Posts Tagged ‘MOOC’

Gender Balances: A look at the makeup of HarvardX registrants

Thursday, December 5th, 2013

Although the first semester of the 2013/14 academic year is coming to a close on campus and residential students are finishing up coursework and preparing for the break, the timelines are more asynchronous for students registered for 10 currently running online offerings. This batch of 10 consists of courses and modules launched by HarvardX at different times during the Fall of 2013.

While course development teams are working to create the most stimulating learning experiences and thinking about whether and how to give students a mini winter break in their courses or modules (or summer break for those in the southern hemisphere), the research team is busy studying the troves of data produced by past and current online offerings, working with course developers to set up learning experiments, and helping to facilitate research-based innovation at HarvardX.

As part of our work to inform course development and research, the research team generated course-specific and HarvardX-wide worldwide gender composition data.


The interactive visualization above shows self-reported gender composition data for all past and current online offerings, as well as overall for HarvardX. Choosing an item from the drop down menu shows data on a particular course or module on the left, while the chart on the right displays overall gender composition to facilitate comparison. Hovering the mouse over the chart brings up information on the specific numbers used to calculate percentages. As of November 17, 7-10% of students in different offerings didn’t specify gender information, which is reflected by the Missing category. Checking the box ‘Only male/female’ leaves only these categories, and calculates the percentages using the total number of reported males and females as the denominator. The data specification file including the source code and technical information can be accessed here.

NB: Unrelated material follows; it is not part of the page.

(* Let $(T_0,\widetilde T_0)$ be a joint pair of closed abstract Friedrichs operators on a complex Hilbert space $\mathcal{H}$, with $T_1:=\widetilde T_0^*$, $\widetilde T_1:=T_0^*$, $\mathcal{W}_0:=\operatorname{dom}T_0=\operatorname{dom}\widetilde T_0$ and $\mathcal{W}:=\operatorname{dom}T_1=\operatorname{dom}\widetilde T_1$. Let $T_{\mathrm r}=T_1|_{\mathcal{V}}$, where $\mathcal{W}_0\subseteq\mathcal{V}\subseteq\mathcal{W}$, be a closed realisation of $T_0$ which is a bijection from $\mathcal{V}$ onto $\mathcal{H}$. Then $$\mathcal{W}=\mathcal{W}_0\dotplus T_{\mathrm r}^{-1}(\operatorname{ker}\widetilde T_1)\dotplus\operatorname{ker}T_1=\mathcal{W}_0\dotplus (T_{\mathrm r}^* )^{-1}(\operatorname{ker}T_1)\dotplus\operatorname{ker}\widetilde T_1 .$$
   Context: $\mathcal{H}$ is a complex Hilbert space with inner product $\langle\cdot,\cdot\rangle$ and norm $\|\cdot\|$. A pair $(T,\widetilde T)$ of densely defined linear operators on $\mathcal{H}$ is a joint pair of abstract Friedrichs operators if: (T1) $T$ and $\widetilde T$ have a common dense domain $\mathcal{D}$ and $\langle T\varphi,\psi\rangle=\langle\varphi,\widetilde T\psi\rangle$ for all $\varphi,\psi\in\mathcal{D}$; (T2) there is $c>0$ with $\|(T+\widetilde T)\varphi\|\le c\|\varphi\|$ for all $\varphi\in\mathcal{D}$; (T3) there is $\mu_0>0$ with $\langle (T+\widetilde T)\varphi,\varphi\rangle\ge 2\mu_0\|\varphi\|^2$ for all $\varphi\in\mathcal{D}$. A joint pair of closed abstract Friedrichs operators is such a pair $(T_0,\widetilde T_0)$ in which both operators are closed. One has $T_0\subseteq T_1$, $\widetilde T_0\subseteq\widetilde T_1$ and $\operatorname{dom}T_1=\operatorname{dom}\widetilde T_1$. A realisation of $T_0$ is a restriction $T_1|_{\mathcal{V}}$ with $\mathcal{W}_0\subseteq\mathcal{V}\subseteq\mathcal{W}$. For a closed bijective realisation $T_{\mathrm r}$, its inverse is bounded on $\mathcal{H}$, and its adjoint $T_{\mathrm r}^*$ is a realisation of $\widetilde T_0$ (i.e. $\widetilde T_0\subseteq T_{\mathrm r}^*\subseteq\widetilde T_1$) which is also bijective onto $\mathcal{H}$. *)

theory Defs
  imports "HOL-Analysis.Analysis"
begin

The HarvardX student body is estimated to be mostly male (62% as of November 17, 2013), although there is considerable variation in gender balance from one offering to the next. For example, CS50x Introduction to Computer Science has decidedly more male students (estimated 79%), while both offerings on Poetry in America register mostly female students (estimated 57% and 61%). Some courses have almost equal percentages of female and male students. For example, GSE1x Unlocking the Immunity to Change, launching in Spring 2014, so far has registered an estimated 51% females and 49% males. We generally do not recommend interpreting the overall HarvardX average when overall enrollment is so heavily influenced by a small number of courses (e.g., Computer Science and the Science of Cooking).

In order to gain a better understanding of gender balance in HarvardX offerings, we made a world map, showing estimated gender composition of our students enrolled from different countries around the world.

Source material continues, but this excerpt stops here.